Opinion
No. 01-04-00810-CV
Opinion Issued April 7, 2005.
On Appeal from the 313th District Court, Harris County, Texas, Trial Court Cause No. 2003-0522OJ.
Brian J. Fischer, Houston, TX; Valentian Polanco, Houston, TX, for Appellant.
Sandra D. Hachem, Senior Asst. County Atty., Houston, TX, for Appellee.
Panel consists of Justices TAFT, KEYES, and HANKS.
MEMORANDUM OPINION
Appellant, Valentina Polanco, appeals the trial court's order terminating her parental rights to her daughter, T.P. Polanco's court-appointed appellate counsel has filed an Anders brief, in which he concludes that, after his evaluation of the entire record, there are no grounds that can arguably support any appeal. We grant counsel's motion to withdraw and affirm the judgment of the trial court.
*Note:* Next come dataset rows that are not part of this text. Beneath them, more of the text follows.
(* Let $\mu$ be a probability measure on $\mathbb{R}$ with compact infinite support and orthonormal polynomials $p_n(x;d\mu)$. Let $H$ be the convex hull of $\operatorname{supp}(\mu)$, $D=\frac12\operatorname{diam}(H)$, and for $z\in\mathbb{C}\setminus H$ let $d=\operatorname{dist}(z,H)$. Then for every $n\ge1$, $$|p_n(z;d\mu)|^2\ge\Bigl(\frac dD\Bigr)^2\Bigl(1+\Bigl(\frac dD\Bigr)^2\Bigr)^{n-1}.$$ In particular $p_n(z)\ne0$ for all $n$ and $\liminf_{n\to\infty}|p_n(z;d\mu)|^{1/n}\ge\bigl(1+(d/D)^2\bigr)^{1/2}>1$.
   Context: The orthonormal polynomials $p_n$ are obtained by Gram–Schmidt from $1,x,x^2,\dots$ in $L^2(\mu)$, with positive leading coefficients; $p_0=1$ since $\mu$ is a probability measure. *)

theory Defs
  imports "HOL-Probability.Probability" "HOL-Computational_Algebra.Polynomial"
begin

definition measure_support :: "real measure \<Rightarrow> real set" where
  "measure_support \<mu> = {x. \<forall>U. open U \<and> x \<in> U \<longrightarrow> emeasure \<mu> U > 0}"

definition orthonormal_polys :: "real measure \<Rightarrow> (nat \<Rightarrow> real poly) \<Rightarrow> bool" where
  "orthonormal_polys \<mu> p \<longleftrightarrow>
     (\<forall>n. degree (p n) = n \<and> lead_coeff (p n) > 0) \<and>
     (\<forall>m n. integrable \<mu> (\<lambda>x. poly (p m) x * poly (p n) x) \<and>
            (\<integral>x. poly (p m) x * poly (p n) x \<partial>\<mu>) = (if m = n then 1 else 0))"

end

theory Submission
  imports Defs "HOL-Real_Asymp.Real_Asymp"
begin

text \<open>
  Let H = [a, b] be the convex hull of supp \<mu>, c its midpoint and D = (b - a) / 2.
  Multiplication by x acts on the orthonormal basis p through the real symmetric
  Jacobi matrix J j k = \<integral> x p j p k d\<mu>, so e j = p j (z) satisfies
  z e j = \<Sum>k\<le>n. J j k e k for every j < n. Pairing these relations with cnj (e j)
  and summing gives, with K = \<Sum>j<n. |e j|^2,
      (z - m) K = e n cnj S,  m = (\<Sum>j,k<n. J j k cnj (e j) e k) / K,  S = \<Sum>j<n. J j n e j.
  Here m is a Rayleigh quotient of J, hence a point of [a, b], so |z - m| \<ge> d; and
  S = \<integral> (x - c) q p n d\<mu> for a polynomial q with \<integral> q^2 d\<mu> = K, so Cauchy-Schwarz
  gives |S|^2 \<le> D^2 K. Together d^2 K \<le> D^2 |e n|^2: each |p n (z)|^2 dominates (d / D)^2
  times the sum of the earlier ones, and since p 0 = 1 this yields the geometric
  lower bound, the nonvanishing of p n (z) and the bound on the n-th roots.
\<close>

text \<open>A Borel measure on the reals is concentrated on its support: the complement
  is a union of open null sets, hence (Lindelof) of countably many.\<close>
lemma AE_in_measure_support:
  assumes "sets M = sets borel"
  shows "AE x in M. x \<in> measure_support M"
proof -
  define F where "F = {U. open U \<and> emeasure M U = 0}"
  have union_F: "\<Union>F = - measure_support M"
    unfolding F_def measure_support_def by (auto simp: not_less)
  obtain F' where F': "F' \<subseteq> F" "countable F'" "\<Union>F' = \<Union>F"
    using Lindelof[of F] unfolding F_def by blast
  have "(\<Union>U\<in>F'. U) \<in> null_sets M"
  proof (rule null_sets_UN')
    fix U assume "U \<in> F'"
    with F'(1) assms show "U \<in> null_sets M" by (auto simp: F_def null_sets_def)
  qed fact
  thus ?thesis
    by (rule AE_I') (use F' union_F in auto)
qed

lemma quadratic_nonneg_imp_discriminant:
  fixes A B C :: real
  assumes "A \<ge> 0" and nonneg: "\<And>l. 0 \<le> A * l\<^sup>2 - 2 * B * l + C"
  shows "B\<^sup>2 \<le> A * C"
proof (cases "A = 0")
  case True
  have "B = 0"
  proof (rule ccontr)
    assume "B \<noteq> 0"
    have "0 \<le> A * ((C + 1) / (2 * B))\<^sup>2 - 2 * B * ((C + 1) / (2 * B)) + C" by (rule nonneg)
    with True \<open>B \<noteq> 0\<close> show False by simp
  qed
  thus ?thesis using True by simp
next
  case False
  with \<open>A \<ge> 0\<close> have "A > 0" by simp
  have "0 \<le> A * (B / A)\<^sup>2 - 2 * B * (B / A) + C" by (rule nonneg)
  also have "\<dots> = (A * C - B\<^sup>2) / A" using False by (simp add: field_simps power2_eq_square)
  finally show ?thesis using \<open>A > 0\<close> by (simp add: zero_le_divide_iff)
qed

lemma integral_Cauchy_Schwarz:
  fixes f g :: "'a \<Rightarrow> real"
  assumes "integrable M (\<lambda>x. f x * g x)" "integrable M (\<lambda>x. (f x)\<^sup>2)" "integrable M (\<lambda>x. (g x)\<^sup>2)"
  shows "(\<integral>x. f x * g x \<partial>M)\<^sup>2 \<le> (\<integral>x. (f x)\<^sup>2 \<partial>M) * (\<integral>x. (g x)\<^sup>2 \<partial>M)"
proof (rule quadratic_nonneg_imp_discriminant)
  show "0 \<le> (\<integral>x. (f x)\<^sup>2 \<partial>M)" by simp
  fix l :: real
  have "0 \<le> (\<integral>x. (l * f x - g x)\<^sup>2 \<partial>M)" by simp
  also have "(\<lambda>x. (l * f x - g x)\<^sup>2) = (\<lambda>x. l\<^sup>2 * (f x)\<^sup>2 - 2 * l * (f x * g x) + (g x)\<^sup>2)"
    by (simp add: power2_eq_square algebra_simps)
  also have "(\<integral>x. l\<^sup>2 * (f x)\<^sup>2 - 2 * l * (f x * g x) + (g x)\<^sup>2 \<partial>M)
      = l\<^sup>2 * (\<integral>x. (f x)\<^sup>2 \<partial>M) - 2 * l * (\<integral>x. f x * g x \<partial>M) + (\<integral>x. (g x)\<^sup>2 \<partial>M)"
    using assms by (simp add: integral_add integral_diff)
  finally show "0 \<le> (\<integral>x. (f x)\<^sup>2 \<partial>M) * l\<^sup>2 - 2 * (\<integral>x. f x * g x \<partial>M) * l + (\<integral>x. (g x)\<^sup>2 \<partial>M)"
    by (simp add: algebra_simps)
qed

lemma integral_weighted_mean_bounds:
  fixes g :: "real \<Rightarrow> real"
  assumes range: "AE x in M. a \<le> x \<and> x \<le> b" and nonneg: "\<And>x. g x \<ge> 0"
    and "integrable M g" "integrable M (\<lambda>x. x * g x)"
  shows "a * (\<integral>x. g x \<partial>M) \<le> (\<integral>x. x * g x \<partial>M)" and "(\<integral>x. x * g x \<partial>M) \<le> b * (\<integral>x. g x \<partial>M)"
proof -
  have "AE x in M. a * g x \<le> x * g x" using range
    by eventually_elim (simp add: mult_right_mono nonneg)
  hence "(\<integral>x. a * g x \<partial>M) \<le> (\<integral>x. x * g x \<partial>M)"
    by (intro integral_mono_AE integrable_mult_right assms)
  thus "a * (\<integral>x. g x \<partial>M) \<le> (\<integral>x. x * g x \<partial>M)" by simp
  have "AE x in M. x * g x \<le> b * g x" using range
    by eventually_elim (simp add: mult_right_mono nonneg)
  hence "(\<integral>x. x * g x \<partial>M) \<le> (\<integral>x. b * g x \<partial>M)"
    by (intro integral_mono_AE integrable_mult_right assms)
  thus "(\<integral>x. x * g x \<partial>M) \<le> b * (\<integral>x. g x \<partial>M)" by simp
qed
See Anders v. California, 386 U.S. 738, 744, 87 S. Ct. 1396, 1400 (1967).
The Department of Family and Protective Services ("DFPS") brought suit to terminate Polanco's parental rights. Following a bench trial, the trial court signed a decree terminating Polanco's parental rights to T.P. The decree recited that termination of Polanco's parental rights was in T.P.'s best interests and that Polanco had "engaged in conduct or knowingly placed [T.P.] with persons who engaged in conduct which endanger[ed] the physical or emotional well-being of [T.P.]. . . ." See Tex. Fam. Code Ann. § 161.001(1)(E) (Vernon 2002).
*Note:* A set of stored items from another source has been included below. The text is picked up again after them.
(* Consider the variant of the Deferred-Revelation Auction (DRA) over a public ledger, described in the context, in which the ledger knows and enforces a fixed feasibility constraint $\mathcal{F}$ (so the auctioneer cannot misreport it). For any fixed downward-closed feasibility constraint $\mathcal{F}$ that is not a matroid, the DRA is not credible for any collateral $f$, even in an instance with a single real bidder whose value is drawn from the exponential distribution with mean $1$.
   Context: A feasibility constraint $\mathcal{F}$ is a downward-closed family of subsets of a finite ground set $E$ of bidder slots (sets of bids that may be allocated simultaneously); it is a matroid if it additionally satisfies the augmentation property (if $A,B\in\mathcal{F}$, $|A|>|B|$, then $B\cup\{a\}\in\mathcal{F}$ for some $a\in A\setminus B$). Values are independent, bidders quasi-linear; virtual value $\varphi(v)=v-\frac{1-F(v)}{f(v)}$. The exponential distribution with mean $1$ has CDF $1-e^{-t}$, virtual value $v-1$, monopoly reserve $1$. DRA over a public ledger (visible to all) with a perfectly hiding, perfectly binding, non-malleable commitment scheme: (1) every participant (real bidders and any fake bids fabricated by the auctioneer, each occupying an element of $E$) commits to a bid and deposits collateral $f$; the auctioneer reports distributions $\hat D_j$ (virtual values $\hat\varphi_j$) for all committed bids (it may choose the distributions of fake bids arbitrarily); (2) each committed bid is revealed or concealed, and collateral of concealed bids is burnt; (3) among revealed bids, the set $S\in\mathcal{F}$ maximizing $\sum_{i\in S}\hat\varphi_i(b_i)$ (lexicographic tie-breaking) is allocated, each allocated bidder paying its critical bid. The auctioneer chooses which fake bids to conceal after seeing revealed real bids. Its revenue is real bidders' payments minus burnt collateral of its concealed fake bids. The DRA is credible for collateral $f$ if, when real bidders bid truthfully, the auctioneer maximizes expected revenue by fabricating no bids and reporting true distributions. *)

theory Defs
  imports "HOL-Probability.Probability"
begin

definition downward_closed :: "'a set \<Rightarrow> 'a set set \<Rightarrow> bool" where
  "downward_closed E F \<longleftrightarrow> F \<subseteq> Pow E \<and> (\<forall>A\<in>F. \<forall>B. B \<subseteq> A \<longrightarrow> B \<in> F)"

definition is_matroid :: "'a set \<Rightarrow> 'a set set \<Rightarrow> bool" where
  "is_matroid E F \<longleftrightarrow> downward_closed E F \<and>
     (\<forall>A\<in>F. \<forall>B\<in>F. card A > card B \<longrightarrow> (\<exists>a\<in>A - B. insert a B \<in> F))"

definition virtual_value :: "(real \<Rightarrow> real) \<Rightarrow> (real \<Rightarrow> real) \<Rightarrow> real \<Rightarrow> real" where
  "virtual_value G g b = b - (1 - G b) / g b"

definition valid_report :: "(real \<Rightarrow> real) \<Rightarrow> (real \<Rightarrow> real) \<Rightarrow> bool" where
  "valid_report G g \<longleftrightarrow> G 0 = 0 \<and> mono_on {0..} G \<and> (G \<longlongrightarrow> 1) at_top \<and>
     (\<forall>b\<ge>0. 0 < g b \<and> (G has_real_derivative g b) (at b within {0..}))"

definition exp_cdf :: "real \<Rightarrow> real" where "exp_cdf t = 1 - exp (- t)"
definition exp_pdf :: "real \<Rightarrow> real" where "exp_pdf t = exp (- t)"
Anders applies to termination-of-parental-rights cases. See In re K.D., 127 S.W.3d 66, 67 (Tex.App.-Houston [1st Dist.] 2003, no pet.); accord In re D.E.S., 135 S.W.3d 326, 327 (Tex.App.-Houston [14th Dist.] 2004, no pet.). We have reviewed counsel's brief and hold that counsel has met the briefing requirements set forth in Anders: the brief sets forth a professional evaluation of the record and states why there are no arguable issues to assert on appeal. See Anders, 386 U.S. at 744, 87 S. Ct. at 1400. Counsel explains, for example, why he concludes that legally and factually sufficient evidence supported the termination, which requires at least one basis for termination enumerated in Family Code section 161.001(1) and evidence that termination was in T.P.'s best interest. See TEX. FAM. CODE ANN. § 161.001(1), (2) (Vernon 2002). We have reviewed the entire record and concur with counsel's evaluation concerning the sufficiency of the evidence.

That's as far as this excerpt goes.